Чтобы в полной мере проникнуться выводом о том, что система неуменьшаемо сложна и, следовательно, не имеет функциональных предшественников, нам нужно различать физического и концептуального предшественника. Описанная выше ловушка – не единственная система, которая может обездвижить мышь. Временами моя семья использует клеевую ловушку. Теоретически можно еще приспособить коробку – держать ее открытой с помощью палки, а в нужный момент эту палку убрать. А еще можно палить в мышь из пневматического ружья. Однако все эти способы не являются физическими предшественниками стандартной мышеловки, поскольку их нельзя преобразовать – шаг за шагом по Дарвину – в ловушку с платформой-основанием, молоточком, пружиной, защелкой и удерживающим стержнем.

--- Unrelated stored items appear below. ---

(* Let $\gamma>0$ and, for $n\in\mathbb{N}$, let $D_n=\operatorname{diag}(1,2,\dots,n)\in\mathbb{R}^{n\times n}$ and \[ \mathcal{W}_n=\begin{pmatrix} 0 & D_n & 0\\ -D_n & 0 & \gamma D_n\\ 0 & -\gamma D_n & -D_n^2\end{pmatrix}\in\mathbb{R}^{3n\times 3n}, \] regarded as an operator on $\mathbb{C}^{3n}$ with the Euclidean inner product. Then for every $n\in\mathbb{N}$ one has $i\mathbb{R}\subset\rho(\mathcal{W}_n)$ (the resolvent set), and $\sup_{n\in\mathbb{N}}\|\mathcal{W}_n^{-1}\|<\infty$.
   Context: $\mathcal{W}_n$ is the matrix obtained in the paper from a modal approximation of the weakly coupled thermoelastic system under Dirichlet (displacement)–Neumann (temperature) boundary conditions, using the basis $\sqrt{2/\pi}\,\frac1j\sin jx$, $\sqrt{2/\pi}\sin jx$, $\sqrt{2/\pi}\cos jx$, $j=1,\dots,n$. *)

theory Defs
  imports Complex_Main "Jordan_Normal_Form.Matrix"
begin

definition D_mat :: "nat \<Rightarrow> complex mat" where
  "D_mat n = mat n n (\<lambda>(i,j). if i = j then of_nat (i + 1) else 0)"

definition W_mat :: "real \<Rightarrow> nat \<Rightarrow> complex mat" where
  "W_mat \<gamma> n = mat (3*n) (3*n) (\<lambda>(i,j).
     let bi = i div n; bj = j div n; d = (D_mat n) $$ (i mod n, j mod n);
         d2 = (D_mat n * D_mat n) $$ (i mod n, j mod n) in
     if bi = 0 \<and> bj = 1 then d
     else if bi = 1 \<and> bj = 0 then - d
     else if bi = 1 \<and> bj = 2 then complex_of_real \<gamma> * d
     else if bi = 2 \<and> bj = 1 then - (complex_of_real \<gamma> * d)
     else if bi = 2 \<and> bj = 2 then - d2
     else 0)"

definition vec_norm :: "complex vec \<Rightarrow> real" where
  "vec_norm v = sqrt (\<Sum>i<dim_vec v. (cmod (v $ i))\<^sup>2)"

definition op_norm :: "complex mat \<Rightarrow> real" where
  "op_norm A = Sup {vec_norm (A *\<^sub>v x) | x. x \<in> carrier_vec (dim_col A) \<and> vec_norm x \<le> 1}"

definition mat_inv :: "complex mat \<Rightarrow> complex mat" where
  "mat_inv A = (SOME B. B \<in> carrier_mat (dim_row A) (dim_row A) \<and>
      A * B = 1\<^sub>m (dim_row A) \<and> B * A = 1\<^sub>m (dim_row A))"

definition resolvent_set :: "complex mat \<Rightarrow> complex set" where
  "resolvent_set A = {z. invertible_mat (z \<cdot>\<^sub>m 1\<^sub>m (dim_row A) - A)}"

end

theory Submission
  imports Defs "Jordan_Normal_Form.Char_Poly"
begin

(* W_n decouples into n independent 3x3 blocks: mode k = p + 1 acts on the coordinates
   (x_p, x_(n+p), x_(2n+p)) by B_k = [[0, k, 0], [-k, 0, \<gamma> k], [0, -\<gamma> k, -k^2]].
   Apart from the damping entry -k^2, B_k is skew-symmetric, so Re <B_k x, x> = -k^2 |x_3|^2;
   hence an eigenvector for an imaginary eigenvalue has x_3 = 0, and the coupling \<gamma> \<noteq> 0
   then forces x_2 = x_1 = 0. Solving B_k x = y explicitly, x_2 = y_1 / k,
   x_3 = -(y_3 + \<gamma> y_1) / k^2, x_1 = \<gamma> x_3 - y_2 / k, gives |x| \<le> 3 (1 + \<gamma>)^2 |y|
   for every k \<ge> 1, uniformly in n. *)

lemma smult_one_minus_mult_vec:
  fixes A :: "'a::comm_ring_1 mat"
  assumes "A \<in> carrier_mat n n" and "v \<in> carrier_vec n"
  shows "(z \<cdot>\<^sub>m 1\<^sub>m n - A) *\<^sub>v v = z \<cdot>\<^sub>v v - A *\<^sub>v v"
proof (rule eq_vecI)
  fix i assume "i < dim_vec (z \<cdot>\<^sub>v v - A *\<^sub>v v)"
  then have i: "i < n" using assms by simp
  have "(\<Sum>j = 0..<n. (z * (if i = j then 1 else 0) - A $$ (i, j)) * v $ j)
      = (\<Sum>j = 0..<n. (if i = j then z * v $ j else 0) - A $$ (i, j) * v $ j)"
    by (intro sum.cong) (auto simp: left_diff_distrib)
  then show "((z \<cdot>\<^sub>m 1\<^sub>m n - A) *\<^sub>v v) $ i = (z \<cdot>\<^sub>v v - A *\<^sub>v v) $ i"
    using assms i by (simp add: scalar_prod_def sum_subtractf)
qed (use assms in simp)

lemma invertible_mat_if_trivial_kernel:
  fixes A :: "'a::field mat"
  assumes A: "A \<in> carrier_mat n n"
    and kernel: "\<And>v. v \<in> carrier_vec n \<Longrightarrow> A *\<^sub>v v = 0\<^sub>v n \<Longrightarrow> v = 0\<^sub>v n"
  shows "invertible_mat A"
proof -
  have "det A \<noteq> 0"
    using det_0_iff_vec_prod_zero_field[OF A] kernel by blast
  from det_non_zero_imp_unit[OF A this, of "()"] A show ?thesis
    by (auto simp: Units_def ring_mat_def invertible_mat_def inverts_mat_def)
qed

lemma invertible_if_not_eigenvalue_0:
  fixes A :: "'a::field mat"
  assumes A: "A \<in> carrier_mat n n" and not_eigen: "\<not> eigenvalue A 0"
  shows "invertible_mat A"
  using A
proof (rule invertible_mat_if_trivial_kernel)
  fix v assume v: "v \<in> carrier_vec n" and "A *\<^sub>v v = 0\<^sub>v n"
  moreover have "0 \<cdot>\<^sub>v v = 0\<^sub>v n" using v by (intro eq_vecI) auto
  ultimately show "v = 0\<^sub>v n"
    using A not_eigen by (auto simp: eigenvalue_def eigenvector_def)
qed

lemma invertible_shift_if_not_eigenvalue:
  fixes A :: "'a::field mat"
  assumes A: "A \<in> carrier_mat n n" and not_eigen: "\<not> eigenvalue A z"
  shows "invertible_mat (z \<cdot>\<^sub>m 1\<^sub>m n - A)"
proof (rule invertible_mat_if_trivial_kernel)
  show "z \<cdot>\<^sub>m 1\<^sub>m n - A \<in> carrier_mat n n" using A by (rule minus_carrier_mat)
  fix v assume v: "v \<in> carrier_vec n" and kernel: "(z \<cdot>\<^sub>m 1\<^sub>m n - A) *\<^sub>v v = 0\<^sub>v n"
  have "A *\<^sub>v v = z \<cdot>\<^sub>v v"
  proof (rule eq_vecI)
    fix i assume "i < dim_vec (z \<cdot>\<^sub>v v)"
    then have i: "i < n" using v by simp
    then have "(z \<cdot>\<^sub>v v - A *\<^sub>v v) $ i = 0"
      using kernel smult_one_minus_mult_vec[OF A v] by simp
    then show "(A *\<^sub>v v) $ i = (z \<cdot>\<^sub>v v) $ i" using A v i by simp
  qed (use A v in simp)
  then show "v = 0\<^sub>v n"
    using A v not_eigen by (auto simp: eigenvalue_def eigenvector_def)
qed

lemma
  assumes "A \<in> carrier_mat n n" and "invertible_mat A"
  shows mat_inv_carrier: "mat_inv A \<in> carrier_mat n n"
    and mat_inv_right: "A * mat_inv A = 1\<^sub>m n"
proof -
  obtain B where "A * B = 1\<^sub>m n" and "B * A = 1\<^sub>m (dim_row B)"
    using assms by (auto simp: invertible_mat_def inverts_mat_def)
  moreover from this have "B \<in> carrier_mat n n"
    using assms(1) by (metis carrier_matD carrier_matI index_mult_mat(2,3) index_one_mat(2,3))
  ultimately have "\<exists>B. B \<in> carrier_mat n n \<and> A * B = 1\<^sub>m n \<and> B * A = 1\<^sub>m n"
    by auto
  from someI_ex[OF this] have "mat_inv A \<in> carrier_mat n n \<and> A * mat_inv A = 1\<^sub>m n"
    unfolding mat_inv_def using assms(1) by auto
  then show "mat_inv A \<in> carrier_mat n n" and "A * mat_inv A = 1\<^sub>m n" by auto
qed

lemma op_norm_le:
  assumes A: "A \<in> carrier_mat m n" and C: "0 \<le> C"
    and bound: "\<And>x. x \<in> carrier_vec n \<Longrightarrow> vec_norm (A *\<^sub>v x) \<le> C * vec_norm x"
  shows "op_norm A \<le> C"
  unfolding op_norm_def
proof (rule cSup_least)
  show "{vec_norm (A *\<^sub>v x) |x. x \<in> carrier_vec (dim_col A) \<and> vec_norm x \<le> 1} \<noteq> {}"
    using zero_carrier_vec[of "dim_col A"] by (fastforce simp: vec_norm_def)
next
  fix r assume "r \<in> {vec_norm (A *\<^sub>v x) |x. x \<in> carrier_vec (dim_col A) \<and> vec_norm x \<le> 1}"
  then obtain x where r: "r = vec_norm (A *\<^sub>v x)" and x: "x \<in> carrier_vec n" "vec_norm x \<le> 1"
    using A by auto
  have "r \<le> C * vec_norm x" using r bound[OF x(1)] by simp
  also have "\<dots> \<le> C" using C x(2) by (simp add: mult_left_le)
  finally show "r \<le> C" .
qed

lemma sum_lessThan_three_blocks:
  fixes f :: "nat \<Rightarrow> 'a::comm_monoid_add"
  shows "(\<Sum>i<3*n. f i) = (\<Sum>p<n. f p + f (n + p) + f (2*n + p))"
proof -
  have "(\<Sum>i<3*n. f i) = (\<Sum>i<n. f i) + (\<Sum>i\<in>{n..<2*n}. f i) + (\<Sum>i\<in>{2*n..<3*n}. f i)"
    by (simp add: lessThan_atLeast0 sum.atLeastLessThan_concat)
  also have "(\<Sum>i\<in>{n..<2*n}. f i) = (\<Sum>p<n. f (n + p))"
    using sum.shift_bounds_nat_ivl[of f 0 n n] by (simp add: lessThan_atLeast0 add.commute mult_2)
  also have "(\<Sum>i\<in>{2*n..<3*n}. f i) = (\<Sum>p<n. f (2*n + p))"
    using sum.shift_bounds_nat_ivl[of f 0 "2*n" n] by (simp add: lessThan_atLeast0 add.commute)
  finally show ?thesis by (simp add: sum.distrib)
qed

lemma less_three_mult_cases:
  assumes "i < 3 * (n::nat)"
  obtains p where "p < n" and "i = p \<or> i = n + p \<or> i = 2*n + p"
proof -
  consider "i < n" | "n \<le> i" "i < 2*n" | "2*n \<le> i" by linarith
  then show ?thesis
  proof cases
    case 1 then show ?thesis using that by blast
  next
    case 2 then show ?thesis using that[of "i - n"] by auto
  next
    case 3 then show ?thesis using that[of "i - 2*n"] assms by auto
  qed
qed

lemma W_mat_carrier: "W_mat \<gamma> n \<in> carrier_mat (3*n) (3*n)"
  by (simp add: W_mat_def)

lemma W_mat_entries:
  assumes p: "p < n" and q: "q < n"
  shows "W_mat \<gamma> n $$ (p, q) = 0"
    and "W_mat \<gamma> n $$ (p, n + q) = (if p = q then of_nat (p + 1) else 0)"
    and "W_mat \<gamma> n $$ (p, 2*n + q) = 0"
    and "W_mat \<gamma> n $$ (n + p, q) = (if p = q then - of_nat (p + 1) else 0)"
    and "W_mat \<gamma> n $$ (n + p, n + q) = 0"
    and "W_mat \<gamma> n $$ (n + p, 2*n + q) = (if p = q then of_real \<gamma> * of_nat (p + 1) else 0)"
    and "W_mat \<gamma> n $$ (2*n + p, q) = 0"
    and "W_mat \<gamma> n $$ (2*n + p, n + q) = (if p = q then - (of_real \<gamma> * of_nat (p + 1)) else 0)"
    and "W_mat \<gamma> n $$ (2*n + p, 2*n + q) = (if p = q then - ((of_nat (p + 1))^2) else 0)"
proof -
  have D: "D_mat n $$ (p, q) = (if p = q then of_nat (p + 1) else 0)"
    using p q by (simp add: D_mat_def)
  have DD: "(D_mat n * D_mat n) $$ (p, q) = (if p = q then (of_nat (p + 1))^2 else 0)"
    using p q by (auto simp: D_mat_def scalar_prod_def power2_eq_square if_distrib[of "\<lambda>x. x * _"] cong: if_cong)
  have block_index: "r div n = 0" "r mod n = r" "(n + r) div n = 1" "(n + r) mod n = r"
      "(2*n + r) div n = 2" "(2*n + r) mod n = r" if "r < n" for r
    using that by auto
  note index = block_index[OF p] block_index[OF q]
  show "W_mat \<gamma> n $$ (p, q) = 0"
    and "W_mat \<gamma> n $$ (p, n + q) = (if p = q then of_nat (p + 1) else 0)"
    and "W_mat \<gamma> n $$ (p, 2*n + q) = 0"
    and "W_mat \<gamma> n $$ (n + p, q) = (if p = q then - of_nat (p + 1) else 0)"
    and "W_mat \<gamma> n $$ (n + p, n + q) = 0"
    and "W_mat \<gamma> n $$ (n + p, 2*n + q) = (if p = q then of_real \<gamma> * of_nat (p + 1) else 0)"
    and "W_mat \<gamma> n $$ (2*n + p, q) = 0"
    and "W_mat \<gamma> n $$ (2*n + p, n + q) = (if p = q then - (of_real \<gamma> * of_nat (p + 1)) else 0)"
    and "W_mat \<gamma> n $$ (2*n + p, 2*n + q) = (if p = q then - ((of_nat (p + 1))^2) else 0)"
    using p q by (simp_all add: W_mat_def Let_def index D DD)
qed

lemma W_mat_mult_vec:
  assumes x: "x \<in> carrier_vec (3*n)" and p: "p < n"
  shows "(W_mat \<gamma> n *\<^sub>v x) $ p = of_nat (p + 1) * x $ (n + p)"
    and "(W_mat \<gamma> n *\<^sub>v x) $ (n + p) = - (of_nat (p + 1) * x $ p) + of_real \<gamma> * of_nat (p + 1) * x $ (2*n + p)"
    and "(W_mat \<gamma> n *\<^sub>v x) $ (2*n + p) = - (of_real \<gamma> * of_nat (p + 1) * x $ (n + p)) - (of_nat (p + 1))^2 * x $ (2*n + p)"
proof -
  have row: "(W_mat \<gamma> n *\<^sub>v x) $ i = (\<Sum>q<n. W_mat \<gamma> n $$ (i, q) * x $ q
      + W_mat \<gamma> n $$ (i, n + q) * x $ (n + q) + W_mat \<gamma> n $$ (i, 2*n + q) * x $ (2*n + q))"
    if "i < 3*n" for i
  proof -
    have "(W_mat \<gamma> n *\<^sub>v x) $ i = (\<Sum>j<3*n. W_mat \<gamma> n $$ (i, j) * x $ j)"
      using x that by (simp add: W_mat_def scalar_prod_def lessThan_atLeast0)
    then show ?thesis by (simp only: sum_lessThan_three_blocks)
  qed
  have "p < 3*n" "n + p < 3*n" "2*n + p < 3*n" using p by auto
  then show "(W_mat \<gamma> n *\<^sub>v x) $ p = of_nat (p + 1) * x $ (n + p)"
    and "(W_mat \<gamma> n *\<^sub>v x) $ (n + p) = - (of_nat (p + 1) * x $ p) + of_real \<gamma> * of_nat (p + 1) * x $ (2*n + p)"
    and "(W_mat \<gamma> n *\<^sub>v x) $ (2*n + p) = - (of_real \<gamma> * of_nat (p + 1) * x $ (n + p)) - (of_nat (p + 1))^2 * x $ (2*n + p)"
    using p by (simp_all add: row W_mat_entries if_distrib[of "\<lambda>y. y * _"] sum.distrib cong: if_cong)
      (simp add: algebra_simps)
qed

lemma mode_no_imaginary_eigenvalue:
  fixes a b c :: complex and k g \<omega> :: real
  assumes k: "k \<noteq> 0" and g: "g \<noteq> 0"
    and eq1: "\<i> * of_real \<omega> * a = of_real k * b"
    and eq2: "\<i> * of_real \<omega> * b = - (of_real k * a) + of_real g * of_real k * c"
    and eq3: "\<i> * of_real \<omega> * c = - (of_real g * of_real k * b) - (of_real k)^2 * c"
  shows "a = 0 \<and> b = 0 \<and> c = 0"
proof -
  have "0 = Re (cnj a * (\<i> * of_real \<omega> * a) + cnj b * (\<i> * of_real \<omega> * b) + cnj c * (\<i> * of_real \<omega> * c))"
    by (simp add: algebra_simps)
  also have "\<dots> = Re (cnj a * (of_real k * b) + cnj b * (- (of_real k * a) + of_real g * of_real k * c)
      + cnj c * (- (of_real g * of_real k * b) - (of_real k)^2 * c))"
    by (simp only: eq1 eq2 eq3)
  also have "\<dots> = - (k^2 * (cmod c)^2)"
    using cmod_power2[of c] by (simp add: algebra_simps power2_eq_square)
  finally have c: "c = 0" using k by simp
  with eq3 have b: "b = 0" using k g by simp
  with eq2 c have "a = 0" using k by simp
  with b c show ?thesis by simp
qed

Чтобы прояснить этот момент, рассмотрим следующую последовательность: скейтборд, игрушечная тележка, велосипед, мотоцикл, автомобиль, самолет, реактивный самолет, космический челнок. Такое развитие выглядит естественным – и потому, что все объекты в этом списке можно использовать для транспортировки, и потому, что они выстроены по мере возрастания сложности. Их можно концептуально связать и объединить в единый континуум. Но является ли, скажем, велосипед физическим (и потенциально дарвиновским) предшественником мотоцикла? Нет, это лишь концептуальный предшественник. Ни один мотоцикл в истории, даже первый, не появился в результате пошаговой модификации велосипеда. Можно запросто представить, как какой-нибудь подросток берет в субботний день старый велосипед, старый двигатель от газонокосилки и всякие запчасти – и через пару часов у него готов работающий мотоцикл. Но это лишь показывает, что люди могут проектировать неуменьшаемо сложные системы, о чем мы и так знаем. А чтобы велосипед можно было назвать предшественником в дарвиновском смысле, мы должны показать, что путем «многочисленных последовательных слабых модификаций» из него получится мотоцикл.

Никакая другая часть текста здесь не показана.